Im ersten Stock des Kunsthauses, vor den Bildern von Caspar Wolf fand eine kurze Einführung ins Konzert statt, in deren Anschluss die Besucher die Möglichkeit hatten, vor dem Konzert die Ausstellung anzuschauen.
Das Konzert fand dann im Saal 2 des KuK Aarau statt.

Der engste Bezug zu den Bildern Wolfs, die gross an die Wand projiziert wurden, bestand in den Texten, welche von Kate Westbrook gedichtet und von ihr gesungen oder rezitiert wurden. Zum Teil wurden sie sowohl in der englischen Originalversion als auch in einer deutschen Übersetzung vorgetragen, wobei der musikalische Vortrag in den beiden Sprachen sehr unterschiedlich war. Am besten zur Geltung kam Kate Westbrooks Stimme in den Rezitationen und in Liedern, die sie in cabaretähnlicher Art sehr prononciert und dramatisch vortrug. Während Mike Westbrook das Ensemble mit diskreten Begleitungen zusammenhielt, verblüfften die Saxophonisten Chris Biscoe und Peter Whyman mit phantasievollen, virtuosen und frechen Soli.


Bericht in der Mittellandzeitung, Aargauer Kultur
18. Januar 2005
Stefan Thomas


Unter dem Motto „Klang und Bild“ präsentiert die Aarauer Konzertreihe "GONG“ einen Zyklus von Veranstaltungen, die Auge und Ohr zugleich ansprechen. Besonders farbig ging es am Freitag im Kongresshaus zu.

Dass etwas Aussergewöhnliches bevorstand, ahnte man schon beim Betreten des Saals 2. Podium und Rückwand waren weiss grundiert; im Vordergrund ein ebenfalls weisses Objekt – ein Baum vielleicht oder eher ein Spiegel? Die beiden Protagonisten in weisser Unterwäsche, die Frau auf der Bühne, der Mann davor, an einer mechanischen Schreibmaschine, Inspiration suchend. Geistreich dann der Einstieg in die Musik: das Klappern der Schreibmaschine erhält behutsam ein Echo aus dem Hintergrund des Saales. Eine zweite Schreibmaschine?
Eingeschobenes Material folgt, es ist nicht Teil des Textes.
text \<open>
  Writing \<open>u = k(m\<^sup>2 + e\<^sup>2)\<close>, \<open>s = k(m\<^sup>2 - e\<^sup>2 + 2em)\<close>, \<open>r = k|m\<^sup>2 - e\<^sup>2 - 2em|\<close> and
  \<open>w = 4jem\<close>, a solution makes \<open>r\<^sup>2, u\<^sup>2, s\<^sup>2\<close> an arithmetic progression with common
  difference \<open>d w\<^sup>2\<close>.
  Such progressions are excluded by Fermat's descent on \<open>w\<close>. After cancelling \<open>gcd(u, w)\<close>,
  a parity argument gives \<open>w = 2c\<close>, and \<open>(s - r)/2\<close>, \<open>(s + r)/2\<close> are the legs of a
  primitive Pythagorean triple with hypotenuse \<open>u\<close> and product \<open>2dc\<^sup>2\<close>. Splitting the
  legs into squares according to parity and to which leg \<open>d\<close> divides, one case yields a
  progression of the same kind with a smaller \<open>w\<close>, while the other contradicts the
  hypotheses, which enter only as: \<open>d | x\<^sup>2 + y\<^sup>2\<close> forces \<open>d | x\<close> (as \<open>-1\<close> is a
  nonresidue) and \<open>y\<^sup>2 \<equiv> 2x\<^sup>2 (mod d)\<close> forces \<open>d | x\<close> (as \<open>2\<close> is a nonresidue).
\<close>

lemma nonresidue_square_cong_imp_dvd:
  fixes x y a :: int and d :: nat
  assumes d: "prime d" and a: "in_res a d (QNR d)" and cong: "[y^2 = a * x^2] (mod int d)"
  shows "int d dvd x"
proof (rule ccontr)
  assume "\<not> int d dvd x"
  moreover have "prime (int d)" using d by simp
  ultimately have "coprime x (int d)"
    using prime_imp_coprime coprime_commute by blast
  then obtain x' where inv: "[x * x' = 1] (mod int d)"
    using cong_solve_coprime_int by blast
  define z where "z = y * x' mod int d"
  have "[z^2 = (y * x')^2] (mod int d)"
    unfolding z_def by (intro cong_pow) (simp add: cong_def)
  also have "(y * x')^2 = y^2 * x'^2" by (rule power_mult_distrib)
  also have "[y^2 * x'^2 = a * (x * x')^2] (mod int d)"
    using cong_mult[OF cong cong_refl, of "x'^2"] by (simp add: power_mult_distrib ac_simps)
  also have "[a * (x * x')^2 = a * 1^2] (mod int d)"
    by (intro cong_mult cong_pow inv cong_refl)
  also have "[a * 1^2 = a mod int d] (mod int d)" by (simp add: cong_def)
  finally have "[int (nat z ^ 2) = int (nat (a mod int d))] (mod int d)"
    using d prime_gt_0_nat z_def by simp
  then have "[nat z ^ 2 = nat (a mod int d)] (mod d)"
    using cong_int_iff by blast
  moreover have "nat (a mod int d) \<in> {1..d-1} - QR d"
    using a unfolding in_res_def QNR_def .
  ultimately show False unfolding QR_def by blast
qed
text \<open>An N x n array over the alphabet V = {0..<v} is modelled as A :: nat => nat => nat,
  A r c being the entry in row r < N and column c.\<close>
definition lambda_covered :: "nat \<Rightarrow> nat \<Rightarrow> nat \<Rightarrow> (nat \<Rightarrow> nat \<Rightarrow> nat) \<Rightarrow> nat set \<Rightarrow> bool" where
  "lambda_covered lam N v A J \<longleftrightarrow>
     (\<forall>f. (\<forall>c\<in>J. f c < v) \<longrightarrow> card {r. r < N \<and> (\<forall>c\<in>J. A r c = f c)} \<ge> lam)"

definition is_OCA :: "nat \<Rightarrow> nat \<Rightarrow> nat \<Rightarrow> nat \<Rightarrow> nat \<Rightarrow> nat \<Rightarrow> (nat \<Rightarrow> nat \<Rightarrow> nat) \<Rightarrow> bool" where
  "is_OCA lam N t m s v A \<longleftrightarrow>
     (\<forall>r<N. \<forall>c\<in>{1..m*s}. A r c < v) \<and>
     (\<forall>J. rt_anti_ideal m s J \<and> card J = t \<longrightarrow> lambda_covered lam N v A J)"

definition OCAN :: "nat \<Rightarrow> nat \<Rightarrow> nat \<Rightarrow> nat \<Rightarrow> nat \<Rightarrow> nat" where
  "OCAN lam t m s v = (LEAST N. \<exists>A. is_OCA lam N t m s v A)"

end

theory Submission
  imports Defs "HOL-Library.FuncSet"
begin

text \<open>Take an OCA over v + 1 symbols with N rows, and let a and b be its last two rows.
  In every column c merge the symbol a c into b c and renumber the remaining v symbols;
  then delete the two rows.  A t-tuple f over v symbols lifts to a tuple f' avoiding a on
  every column, and each of the at least lambda rows covering f' fuses to f.  Row a never
  covers f'.  If row b does, change f' in one column c0 to a c0: the at least lambda rows
  covering this second tuple are new, are neither a nor b (as t \<ge> 2), and also fuse to f.
  So the N - 2 remaining rows still cover f at least lambda times.\<close>

definition collapse :: "nat \<Rightarrow> nat \<Rightarrow> nat" where
  "collapse a x = (if x < a then x else x - 1)"

definition uncollapse :: "nat \<Rightarrow> nat \<Rightarrow> nat" where
  "uncollapse a y = (if y < a then y else Suc y)"

definition fuse :: "nat \<Rightarrow> nat \<Rightarrow> nat \<Rightarrow> nat" where
  "fuse a b x = collapse a (if x = a then b else x)"

lemma collapse_less: "x \<le> v \<Longrightarrow> a \<le> v \<Longrightarrow> 0 < v \<Longrightarrow> collapse a x < v"
  by (auto simp: collapse_def)

lemma uncollapse_neq: "uncollapse a y \<noteq> a"
  by (simp add: uncollapse_def)

lemma uncollapse_le: "y < v \<Longrightarrow> uncollapse a y \<le> v"
  by (simp add: uncollapse_def)

lemma collapse_uncollapse: "collapse a (uncollapse a y) = y"
  by (simp add: collapse_def uncollapse_def)

lemma fuse_less: "x \<le> v \<Longrightarrow> a \<le> v \<Longrightarrow> b \<le> v \<Longrightarrow> 0 < v \<Longrightarrow> fuse a b x < v"
  by (simp add: fuse_def collapse_less)
(* There exist an infinite family of pairs $(T_1,T_2)$ of unrooted binary phylogenetic trees on a common leaf set $X$ (with $n=|X|$ unbounded over the family) and a function $h$ with $h(n) \to 0$ as $n \to \infty$ such that, for every pair in the family, taking $\mathcal{T}=\{T_1,T_2\}$, $\mathcal{Q}$ the set of incompatible quartets of $T_1$ and $T_2$, $\mathrm{OPT}_{\mathrm{int}}$ the optimal value of the integer program $$\text{minimize } \sum_{e \in E(T_1)} x_e \quad \text{s.t. } \sum_{e \in L(Q)} x_e \ge 1 \ \ \forall Q \in \mathcal{Q}, \qquad x_e \in \{0,1\}\ \ \forall e \in E(T_1),$$ and $\mathrm{OPT}_{\mathrm{frac}}$ the optimal value of its linear relaxation (with $x_e \in\{0,1\}$ replaced by $x_e \ge 0$), we have $\mathrm{OPT}_{\mathrm{frac}} > 0$ and $\mathrm{OPT}_{\mathrm{int}} / \mathrm{OPT}_{\mathrm{frac}} \ge 4 - h(n)$. In particular, the integrality gap of this integer program is at least $4 - o(1)$ even when restricted to two input trees.
   Context: A (binary) phylogenetic tree on a finite set $X$ is an unrooted tree whose internal vertices have degree 3 and whose leaves are bijectively labelled by $X$. Two phylogenetic trees on $X$ are isomorphic ($\cong$) if there is a graph isomorphism between them fixing every leaf label. For $Y \subseteq X$, $T[Y]$ is the minimal subtree of $T$ connecting the leaves in $Y$, and $T|_Y$ is obtained from $T[Y]$ by suppressing all degree-2 vertices. A quartet is a 4-element subset of $X$; for $Q=\{a,b,c,d\}$, $ab|cd$ is the tree on $Q$ where $a,b$ share a neighbour $u$, $c,d$ share a neighbour $v$, and $u,v$ are adjacent. If $T_1|_Q \cong ab|cd$, $L(Q)$ is the set of edges of $T_1[\{a,b\}] \cup T_1[\{c,d\}]$. $Q$ is an incompatible quartet of $T_1,T_2$ if $T_1|_Q \not\cong T_2|_Q$. *)

theory Defs
  imports Complex_Main
begin

text \<open>Vertices of a phylogenetic tree on a leaf set X of type 'x: leaves are Inl x
  (labelled by x), internal vertices are Inr i.\<close>

type_synonym 'x vert = "'x + nat"
type_synonym 'x ptree = "'x vert set \<times> 'x vert set set"

definition deg :: "'x vert set set \<Rightarrow> 'x vert \<Rightarrow> nat" where
  "deg E v = card {e \<in> E. v \<in> e}"

definition simple_path :: "'x vert set set \<Rightarrow> 'x vert list \<Rightarrow> bool" where
  "simple_path E p \<longleftrightarrow> p \<noteq> [] \<and> distinct p \<and>
     (\<forall>i. Suc i < length p \<longrightarrow> {p ! i, p ! Suc i} \<in> E)"

definition path_edges :: "'x vert list \<Rightarrow> 'x vert set set" where
  "path_edges p = {{p ! i, p ! Suc i} | i. Suc i < length p}"

definition connected_graph :: "'x ptree \<Rightarrow> bool" where
  "connected_graph T \<longleftrightarrow> (\<forall>u\<in>fst T. \<forall>v\<in>fst T.
     \<exists>p. simple_path (snd T) p \<and> hd p = u \<and> last p = v)"
lemma infdist_zero_pos: "0 < infdist 0 U"
  using closed_U U_nonempty zero_notin_U by (rule infdist_pos_not_in_closed)

lemma nu_ring_le_norm: "nu_ring U x \<le> ereal (norm x / infdist 0 U)"
  unfolding nu_ring_eq_Sup
proof (rule Sup_least, clarify)
  fix l
  assume l: "0 < l" "inverse l *\<^sub>R x \<in> U"
  have "infdist 0 U \<le> norm (inverse l *\<^sub>R x)"
    using infdist_le[OF l(2), of 0] by simp
  thus "ereal l \<le> ereal (norm x / infdist 0 U)"
    using l(1) infdist_zero_pos by (simp add: field_simps)
qed

lemma nu_ring_ge_iff:
  assumes t: "0 < t"
  shows "ereal t \<le> nu_ring U x \<longleftrightarrow> inverse t *\<^sub>R x \<in> U"
proof
  assume "inverse t *\<^sub>R x \<in> U"
  thus "ereal t \<le> nu_ring U x"
    using t unfolding nu_ring_eq_Sup by (intro Sup_upper) blast
next
  assume le: "ereal t \<le> nu_ring U x"
  have "{inverse t<..} \<subseteq> (\<lambda>s. s *\<^sub>R x) -` U"
  proof
    fix s
    assume "s \<in> {inverse t<..}"
    hence "inverse t < s"
      by simp
    moreover have "0 < inverse t"
      using t by simp
    ultimately have s: "0 < s" "inverse s < t"
      using less_imp_inverse_less[of "inverse t" s] by (linarith, simp)
    hence "ereal (inverse s) < ereal t"
      by simp
    hence "ereal (inverse s) < nu_ring U x"
      using le by (rule less_le_trans)
    then obtain l where "ereal (inverse s) < ereal l" "0 < l" "inverse l *\<^sub>R x \<in> U"
      unfolding nu_ring_eq_Sup less_Sup_iff by blast
    hence "inverse (inverse s) *\<^sub>R x \<in> U"
      using s inverse_scaleR_mem_mono[of "inverse s" l x] by simp
    thus "s \<in> (\<lambda>s. s *\<^sub>R x) -` U"
      by simp
  qed
  moreover have "closed ((\<lambda>s::real. s *\<^sub>R x) -` U)"
    using closed_U by (intro continuous_closed_vimage continuous_intros)
  ultimately have "closure {inverse t<..} \<subseteq> (\<lambda>s. s *\<^sub>R x) -` U"
    by (rule closure_minimal)
  thus "inverse t *\<^sub>R x \<in> U"
    by (auto simp: closure_greaterThan)
qed

lemma nu_ring_attained:
  assumes "nu_ring U x \<noteq> -\<infinity>"
  obtains a where "0 < a" "nu_ring U x = ereal a" "inverse a *\<^sub>R x \<in> U"
proof -
  have "{ereal l | l. 0 < l \<and> inverse l *\<^sub>R x \<in> U} \<noteq> {}"
    using assms unfolding nu_ring_eq_Sup by (metis Sup_empty bot_ereal_def)
  then obtain l where l: "0 < l" "inverse l *\<^sub>R x \<in> U"
    by blast
  hence "ereal l \<le> nu_ring U x"
    by (simp add: nu_ring_ge_iff)
  then obtain a where "nu_ring U x = ereal a" "l \<le> a"
    using nu_ring_le_norm[of x] by (cases "nu_ring U x") auto
  thus ?thesis
    using that l nu_ring_ge_iff[of a x] by simp
qed

lemma nu_ring_pos: "nu_ring U x \<noteq> -\<infinity> \<Longrightarrow> 0 < nu_ring U x"
  by (erule nu_ring_attained) simp

lemma hypo_nu_ring_scaleR:
  assumes l: "0 < l" and p: "p \<in> hypo (nu_ring U)"
  shows "l *\<^sub>R p \<in> hypo (nu_ring U)"
proof -
  obtain x t where xt: "p = (x, t)"
    by fastforce
  have "nu_ring U x \<noteq> -\<infinity>"
    using p xt by auto
  then obtain a where a: "0 < a" "nu_ring U x = ereal a" "inverse a *\<^sub>R x \<in> U"
    by (rule nu_ring_attained)
  have "inverse (l * a) *\<^sub>R (l *\<^sub>R x) = inverse a *\<^sub>R x"
    using l a(1) by simp
  hence "inverse (l * a) *\<^sub>R (l *\<^sub>R x) \<in> U"
    using a(3) by (simp only:)
  hence "ereal (l * a) \<le> nu_ring U (l *\<^sub>R x)"
    using a l by (simp add: nu_ring_ge_iff)
  moreover have "l * t \<le> l * a"
    using p xt a l by simp
  ultimately show ?thesis
    using xt by (simp, meson ereal_less_eq(3) order_trans)
qed

lemma convex_hypo_nu_ring: "convex (hypo (nu_ring U))"
proof (rule convexI, clarify)
  fix x s y t and u v :: real
  assume p: "(x, s) \<in> hypo (nu_ring U)" and q: "(y, t) \<in> hypo (nu_ring U)"
    and uv: "0 \<le> u" "0 \<le> v" "u + v = 1"
  have "nu_ring U x \<noteq> -\<infinity>" "nu_ring U y \<noteq> -\<infinity>"
    using p q by auto
  obtain a where a: "0 < a" "nu_ring U x = ereal a" "inverse a *\<^sub>R x \<in> U"
    using nu_ring_attained[OF \<open>nu_ring U x \<noteq> -\<infinity>\<close>] by blast
  obtain b where b: "0 < b" "nu_ring U y = ereal b" "inverse b *\<^sub>R y \<in> U"
    using nu_ring_attained[OF \<open>nu_ring U y \<noteq> -\<infinity>\<close>] by blast
  define c where "c = u * a + v * b"
  have c: "0 < c"
  proof -
    have "0 < u \<or> 0 < v"
      using uv by linarith
    thus ?thesis
      using a b uv by (auto simp: c_def intro: add_pos_nonneg add_nonneg_pos)
  qed
  have "(u * a / c) *\<^sub>R (inverse a *\<^sub>R x) + (v * b / c) *\<^sub>R (inverse b *\<^sub>R y) \<in> U"
    using a b c uv by (intro convexD[OF convex_U]) (auto simp: c_def add_divide_distrib[symmetric])
  also have "(u * a / c) *\<^sub>R (inverse a *\<^sub>R x) + (v * b / c) *\<^sub>R (inverse b *\<^sub>R y)
      = inverse c *\<^sub>R (u *\<^sub>R x + v *\<^sub>R y)"
    using a b by (simp add: scaleR_add_right field_simps)
  finally have "ereal c \<le> nu_ring U (u *\<^sub>R x + v *\<^sub>R y)"
    using c nu_ring_ge_iff by blast
  moreover have "u * s + v * t \<le> c"
    unfolding c_def using p q a b uv by (intro add_mono mult_left_mono) auto
  ultimately show "u *\<^sub>R (x, s) + v *\<^sub>R (y, t) \<in> hypo (nu_ring U)"
    by (simp, meson ereal_less_eq(3) order_trans)
qed

lemma hypo_nu_of: "hypo (nu_of U) = closure (hypo (nu_ring U))"
  by (simp add: nu_of_def hypo_ecl)

lemma nu_of_le_norm: "nu_of U x \<le> ereal (norm x / infdist 0 U)"
  unfolding nu_of_def
  using infdist_zero_pos
  by (intro ecl_least nu_ring_le_norm closed_hypo_continuous continuous_intros) auto

lemma nu_of_scaleR:
  assumes "0 < l"
  shows "nu_of U (l *\<^sub>R x) = ereal l * nu_of U x"
proof (rule positively_homogeneous_if_hypo_scaleR[OF _ assms])
  fix l :: real and p
  assume "0 < l" "p \<in> hypo (nu_of U)"
  hence "l *\<^sub>R p \<in> (*\<^sub>R) l ` closure (hypo (nu_ring U))"
    by (simp add: hypo_nu_of)
  also have "\<dots> = closure ((*\<^sub>R) l ` hypo (nu_ring U))"
    by (rule closure_scaleR)
  also have "\<dots> \<subseteq> hypo (nu_of U)"
    unfolding hypo_nu_of using hypo_nu_ring_scaleR[OF \<open>0 < l\<close>] by (intro closure_mono) blast
  finally show "l *\<^sub>R p \<in> hypo (nu_of U)" .
qed

lemma nu_of_zero: "nu_of U 0 = 0"
proof (rule antisym)
  show "nu_of U 0 \<le> 0"
    using nu_of_le_norm[of 0] by (simp add: zero_ereal_def)
  obtain u where u: "u \<in> U"
    using U_nonempty by blast
  have "(0, 0) \<in> closure (hypo (nu_ring U))"
  proof (rule segment_start_in_closure)
    fix v :: real
    assume "0 < v" "v < 1"
    hence "ereal v \<le> nu_ring U (v *\<^sub>R u)"
      using u by (simp add: nu_ring_ge_iff)
    thus "(1 - v) *\<^sub>R (0, 0) + v *\<^sub>R (u, 1) \<in> hypo (nu_ring U)"
      by simp
  qed
  thus "0 \<le> nu_of U 0"
    by (simp add: hypo_nu_of[symmetric] zero_ereal_def)
qed

lemma antinorm_nu_of: "antinorm (nu_of U)"
  unfolding antinorm_def
proof (intro conjI allI impI ballI)
  show "nu_of U x \<noteq> \<infinity>" for x
    using nu_of_le_norm[of x] by auto
  show "convex (hypo (nu_of U))"
    unfolding hypo_nu_of by (rule convex_closure[OF convex_hypo_nu_ring])
  show "closed (hypo (nu_of U))"
    unfolding hypo_nu_of by simp
  show "nu_of U (l *\<^sub>R x) = ereal l * nu_of U x" if "0 \<le> l" for l x
    using that nu_of_scaleR[of l x] by (cases "l = 0") (simp_all add: nu_of_zero)
  have "0 \<in> edom (nu_of U)"
    by (simp add: edom_def nu_of_zero)
  thus "edom (nu_of U) \<noteq> {}"
    by blast
  fix x
  assume "x \<in> rel_interior (edom (nu_of U))"
  hence "x \<in> edom (nu_ring U)"
    using rel_interior_edom_ecl[OF convex_hypo_nu_ring] rel_interior_subset
    unfolding nu_of_def by blast
  hence "0 < nu_ring U x"
    by (simp add: edom_def nu_ring_pos)
  also have "\<dots> \<le> nu_of U x"
    unfolding nu_of_def by (rule ecl_ge)
  finally show "0 < nu_of U x" .
qed

lemma U_of_nu_of: "U_of (nu_of U) = U"
proof
  show "U \<subseteq> U_of (nu_of U)"
  proof
    fix x
    assume "x \<in> U"
    hence "ereal 1 \<le> nu_ring U x"
      by (simp add: nu_ring_ge_iff)
    also have "\<dots> \<le> nu_of U x"
      unfolding nu_of_def by (rule ecl_ge)
    finally show "x \<in> U_of (nu_of U)"
      by (simp add: U_of_eq_superlevel)
  qed
  show "U_of (nu_of U) \<subseteq> U"
  proof
    fix x
    assume "x \<in> U_of (nu_of U)"
    hence x: "(x, 1) \<in> closure (hypo (nu_ring U))"
      by (simp add: U_of_eq_superlevel flip: hypo_nu_of)
    \<comment> \<open>The threshold 1/2 keeps \<open>inverse (snd p)\<close> continuous on the second part.\<close>
    define A where "A = {p :: 'a \<times> real. snd p \<le> 1/2} \<union>
      ({p. 1/2 \<le> snd p} \<inter> (\<lambda>p. inverse (snd p) *\<^sub>R fst p) -` U)"
    have "closed A"
      unfolding A_def using closed_U
      by (intro closed_Un closed_Collect_le continuous_closed_preimage continuous_intros) auto
    moreover have "(y, s) \<in> A" if "ereal s \<le> nu_ring U y" for y s
      using that by (cases "s \<le> 1/2") (simp_all add: A_def nu_ring_ge_iff)
    hence "hypo (nu_ring U) \<subseteq> A"
      by (auto simp: hypo_def)
    ultimately have "(x, 1) \<in> A"
      using x closure_minimal by blast
    thus "x \<in> U"
      by (simp add: A_def)
  qed
qed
Computertasten? Nein, es sind Tastengeräusche eines Akkordeons, die allmählich in Töne übergehen.

Die Entdeckung der Farbe
Das Akkordeonduo Patricia Draeger und Sergej Simbirev geht vorne in Position, die beiden prägen den Abend mit ihrer hervorragenden Technik und einer perfekten kammermusikalischen Abstimmung. Die Bühne selber gehört dem Duo Kunz & Suter, „Bildnerische Aktivisten“ nennen sich die beiden Gymnasiasten mit Schwerpunktfach Bildnerisches Gestalten. Inmitten der Landschaft aus unschuldigem Weiss entdecken die beiden ihre Umwelt, die Farbe, zuerst die eigene, dann jene des anderen und schliesslich unvermeidlicherweise auch einander. Die Frau zieht obsessiv ihre Kreise auf der Wand, der Mann ist eher der Typus des suchenden Experimentierers. Allmählich entstehen an der Wand Hieroglyphen, die Farbe fliesst reicher. Man denkt an Jackson Pollock, aber auch an Body -Painting. Die Farbe gelb kommt neu ins Spiel und verheisst sonnige Wärme, kann sich aber gegen das dominierende Rot und Blau nur schwer durchsetzen.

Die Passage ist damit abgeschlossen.